I read most of “Braiding Sweetgrass” in the forests and on the lakeshore of Northern Wisconsin, and every morning that I woke up to have my coffee and take my solitary walks in the woods, I walked a little slower and looked a little longer at all of the life around me, the life that sustains ours. The book ultimately outlines a new approach to science informed by indigenous knowledge, primarily through the lens of Kimmerer's own stories of reconnecting with her culture and of working with plants as a botanist and ecologist; interspersed throughout are her poetic retellings of folklore. Ultimately, the book is also a rhapsodic ode to what Kimmerer calls “the gifts of the earth” — from sweetgrass to squash to the flowing of the river. I'll never stop recommending it, so to those of you who know me, you really might as well just read it now. That way, we can talk about it for that much longer.
The Nineties, Chuck Klosterman
Klosterman conjures a beautiful collage out of a decade remembered often but not exclusively for the sheer ugliness of some of its best-known cultural products. From Nirvana to Bill Clinton to “Reality Bites,” he dissects social change and cultural shifts with a deftness that certainly comes in part from the passage of time, but also from his own first-hand experience. Throughout the book, he demonstrates a talent for dodging both mythologization and righteous condemnation of oft-lionized cultural figures and products, examining them not just as they are but as they were. At times, it dips into self-indulgence, but overall, I found it fun and insightful.
I've only scratched the surface of the rest of his writing and until I read this had yet to really connect with any of his work. I've started to read a few titles and put them down long enough to have to chuck them back into the return bin at the library, but “The Nineties” hooked me in from the very beginning; I don't know what changed this time, but suffice it to say, I devoured it within a few nights.
Sovietistan, Erika Fatland
One thing about me that should be highly evident by now is that I'm gonna read some nonfiction. Erika Fatland's “Sovietistan” is a fascinating look at centuries of history in Central Asia, with a section devoted to each of the region's former Soviet Republics. Starting in Kazakhstan and ending in Uzbekistan, Fatland's book is part travelogue, part history and a little bit of everything else, from science to geography to politics.

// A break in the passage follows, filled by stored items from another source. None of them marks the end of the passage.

lemma emeasure_cballn_ge:
  assumes "n \<ge> 1" and "K > 0"
  shows "ennreal ((2 * K / n) ^ n) \<le> emeasure (lebn n) (cballn n c K)"
proof -
  interpret product_sigma_finite "\<lambda>_::nat. lborel :: real measure" by standard
  define B where "B = PiE {..<n} (\<lambda>i. {c i - K / n .. c i + K / n})"
  have "B \<subseteq> cballn n c K"
  proof
    fix x assume x: "x \<in> B"
    have "\<bar>x i - c i\<bar> \<le> K / n" if "i < n" for i
      using PiE_mem[OF x[unfolded B_def], of i] that by (simp add: abs_le_iff algebra_simps)
    then have "(x i - c i)\<^sup>2 \<le> (K / n)\<^sup>2" if "i < n" for i
      using that assms by (simp add: power2_le_iff_abs_le)
    then have "(\<Sum>i<n. (x i - c i)\<^sup>2) \<le> n * (K / n)\<^sup>2"
      using sum_mono[of "{..<n}" "\<lambda>i. (x i - c i)\<^sup>2" "\<lambda>_. (K / n)\<^sup>2"] by simp
    also have "\<dots> \<le> K\<^sup>2"
      using assms by (simp add: power2_eq_square field_simps)
    finally have "distn n x c \<le> K"
      using assms by (simp add: distn_def real_sqrt_le_iff real_le_lsqrt sum_nonneg)
    moreover have "x \<in> Rn n"
      using x by (auto simp: B_def Rn_def PiE_iff)
    ultimately show "x \<in> cballn n c K"
      by (simp add: cballn_eq)
  qed
  then have "emeasure (lebn n) B \<le> emeasure (lebn n) (cballn n c K)"
    by (intro emeasure_mono sets_lebn_cballn)
  moreover have "emeasure (lebn n) B = (\<Prod>i<n. emeasure lborel {c i - K / n .. c i + K / n})"
    unfolding lebn_def B_def by (rule emeasure_PiM) auto
  moreover have "\<dots> = ennreal ((2 * K / n) ^ n)"
    using assms by (simp add: prod_ennreal ennreal_power)
  ultimately show ?thesis
    by simp
qed

lemma emeasure_cballn_finite:
  assumes "n \<ge> 1" and "R > 0"
  shows "emeasure (lebn n) (cballn n c R) \<noteq> \<infinity>"
  using emeasure_cballn_le[OF assms, of c] by (auto simp: top_unique)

Last year, I took a course here at UW-Madison about the history of the Cold War. Towards the end of the semester, we covered the revolutions that shattered and ultimately doomed the Soviet Union, and I was embarrassed to admit to myself that of the five Soviet republics in Central Asia, Kazakhstan was the only one that I could confidently point to on a map. Kazakhstan is one of the largest countries in the world, so I felt that it wasn't a particularly impressive achievement. Spurred in part by curiosity and in part by that lingering feeling of embarrassment, I resolved to learn more about Central Asia and found Fatland's book in the process. While it's no substitute for a history course, “Sovietistan” is a great place to start if, like me from last semester, most of your knowledge of these countries comes from where they fit into the histories of others.
Fatland's book is a brilliant if still fairly broad painting of these five countries — Kazakhstan, Turkmenistan, Tajikistan, Kyrgyzstan, and Uzbekistan — which features several portraits of individual figures as well as voyages into larger historical events, spanning centuries. For a nonfiction book that's fair to place in the history category, it's also a pretty easy and highly enjoyable read, bolstered by Fatland's evocative prose.